The maximum amount of money donors could give to state candidates would double, people could register to vote electronically and lobbyists trying to influence the awarding of a contract would have to report their activities under a dramatically rewritten bill approved Monday by the Assembly Committee on Campaigns and Elections.
The bipartisan measure also would require lawmakers and lobbyists to have a mandatory four hours of training in state ethics laws.
It passed 8-1, with Rep. David Craig, R-Big Bend, voting no. He declined comment after the vote.
In its original form, the bill would have reinstated the requirement that people
present a photo ID to vote, a measure that is currently tied up in lawsuits that allege the requirement is an unconstitutional infringement on voters’ rights.
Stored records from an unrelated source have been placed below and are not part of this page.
(* Let $\kappa=\frac{\tilde\kappa\sqrt\delta}{\varepsilon}$ with $\tilde\kappa>\frac1\pi$ independent of $\varepsilon$, and assume $\varepsilon^2=o_\varepsilon(\delta)$ and $\delta=o_\varepsilon(\varepsilon)$. Let $(v_\varepsilon,\varphi_\varepsilon)$ be a minimizer of $G_{\varepsilon,\delta,\kappa}$ in $\mathcal I$ with $v_\varepsilon\ge0$, and let $\beta=\varepsilon/\sqrt\delta$. Then $$G_{\varepsilon,\delta,\kappa}(v_\varepsilon,\varphi_\varepsilon)=G_{\varepsilon,\delta,\kappa}(1,\varphi_\varepsilon)(1+o_\varepsilon(1))=\left(\inf_{\mathcal J}F_{\beta,\kappa}\right)(1+o_\varepsilon(1)).$$ If moreover $\delta=O_\varepsilon(\varepsilon^{3/2})$, then $$\int_0^1v_\varepsilon'(x)^2\,dx+\frac1{4\varepsilon^2}\int_0^1(v_\varepsilon^2(x)-1)^2\,dx=O_\varepsilon\left(\frac{\sqrt\delta}{\varepsilon}\right).$$
   Context: For $\varepsilon,\delta,\kappa>0$ and suitable $(v,\varphi)$ on $(0,1)$ let $$G_{\varepsilon,\delta,\kappa}(v,\varphi)=\frac12\int_0^1v'^2+\frac{1}{4\varepsilon^2}\int_0^1(1-v^2)^2+\frac18\int_0^1v^2\varphi'^2+\frac{\delta}{8\varepsilon^2}\int_0^1v^4\sin^2\varphi-\frac\kappa2\int_0^1v^2\varphi'.$$ Let $\mathcal S(v)=\{x\in[0,1]:v(x)=0\}$. The admissible class $\mathcal I$ consists of pairs $(v,\varphi)$ with $v\in H^1((0,1))$, $\varphi$ of class $H^1$ on $(0,1)\setminus\mathcal S(v)$, $\varphi(0)=0$ and $\int_0^1v^2=1$; on $\mathcal S(v)$ the quantities $v^2\varphi'^2$, $v^2\varphi'$, $v^4\sin^2\varphi$ are set equal to $0$. For $\beta>0$, $F_{\beta,\kappa}(\varphi)=\frac18\int_0^1(\varphi'^2+\beta^{-2}\sin^2\varphi)-\frac\kappa2\int_0^1\varphi'$ on $\mathcal J=\{\varphi\in H^1((0,1)):\varphi(0)=0\}$. The notations $o_\varepsilon$, $O_\varepsilon$ refer to $\varepsilon\to0$. *)

theory Defs
  imports "HOL-Analysis.Analysis" "HOL-Library.Landau_Symbols"
begin

definition is_wderiv01 :: "(real \<Rightarrow> real) \<Rightarrow> (real \<Rightarrow> real) \<Rightarrow> bool" where
  "is_wderiv01 v g \<longleftrightarrow>
     g \<in> borel_measurable lborel \<and>
     set_integrable lborel {0..1} g \<and>
     set_integrable lborel {0..1} (\<lambda>x. (g x)^2) \<and>
     (\<forall>x\<in>{0..1}. v x = v 0 + (LINT t:{0..x}|lborel. g t))"

definition H1_01 :: "(real \<Rightarrow> real) \<Rightarrow> bool" where
  "H1_01 v \<longleftrightarrow> (\<exists>g. is_wderiv01 v g)"

definition wderiv01 :: "(real \<Rightarrow> real) \<Rightarrow> (real \<Rightarrow> real)" where
  "wderiv01 v = (SOME g. is_wderiv01 v g)"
A variety of other provisions in the sweeping bill had drawn strong opposition from clean government and civil rights groups.
But Monday, the committee adopted a substitute amendment that stripped the most controversial aspects of Assembly Bill 225 out.
In addition to reinstating photo ID, those killed provisions would have legalized secret, corporate financing of so-called issue ads; allowed the governor more leeway in choosing nominees to the nonpartisan Government Accountability Board; further limited the time for in-person absentee balloting and made it harder to recall local elected officials.
However, committee chairwoman Kathleen Bernier, R-Chippewa Falls, said she expects all of those issues to resurface some time after the Legislature returns from its summer break.
The substitute amendment OK’d Monday would double the maximum limit for contributions by individuals to candidates for state office.
For example, donors could give $20,000 to candidates for governor, attorney general or state Supreme Court justice, up from the current maximum of $10,000.
Contributors could give $1,000 to Assembly candidates, double the current limit of $500 per candidate; and $2,000 to state Senate candidates, up from the current $1,000 limit .
The bill also would require
the GAB to review those limits every two years to adjust for inflation.
The bipartisan replacement also would allow voters to register online for the first time in Wisconsin by providing a driver’s license or official state identification number. Changes of address also could be made electronically.
Bernier said the online registration provisions would be implemented in the next biennium, which begins in July 2015, because of their significant
The bill also extends the time frame during which lobbyists may make contributions, but it also would require that lobbyists report activity related to state procurement decisions. Currently, lobbyists must report lobbying on proposals, rules and bills.
AB 225, whose chief sponsor is Rep. Jeff Stone, R-Greendale, now heads to the floor of the Assembly for a final vote in that body on Wednesday. It still faces a vote in the state Senate.
Rep. Fred Kessler, D-Milwaukee, thanked Bernier for helping craft a measure that takes into account concerns raised by the public and members of the minority party. He called the bill “significantly fairer than the original proposal.”
Rep. Therese Berceau, D-Madison, agreed, saying she was grateful that Republicans agreed to remove policies that Democrats considered “rather egregious.”
In an interview, Bernier said she had received “a lot of emails” opposing the earlier version of the bill and that “both sides of the aisle came together to discuss what we could agree on.”
After the vote, Common Cause in Wisconsin executive director Jay Heck applauded the rejection of some of the bill’s most controversial elements. But he said raising the contribution limits is no reform.
“This is one of those bills where you’re grateful some of the bad things are taken out of it,” Heck said. “But this isn’t progress.”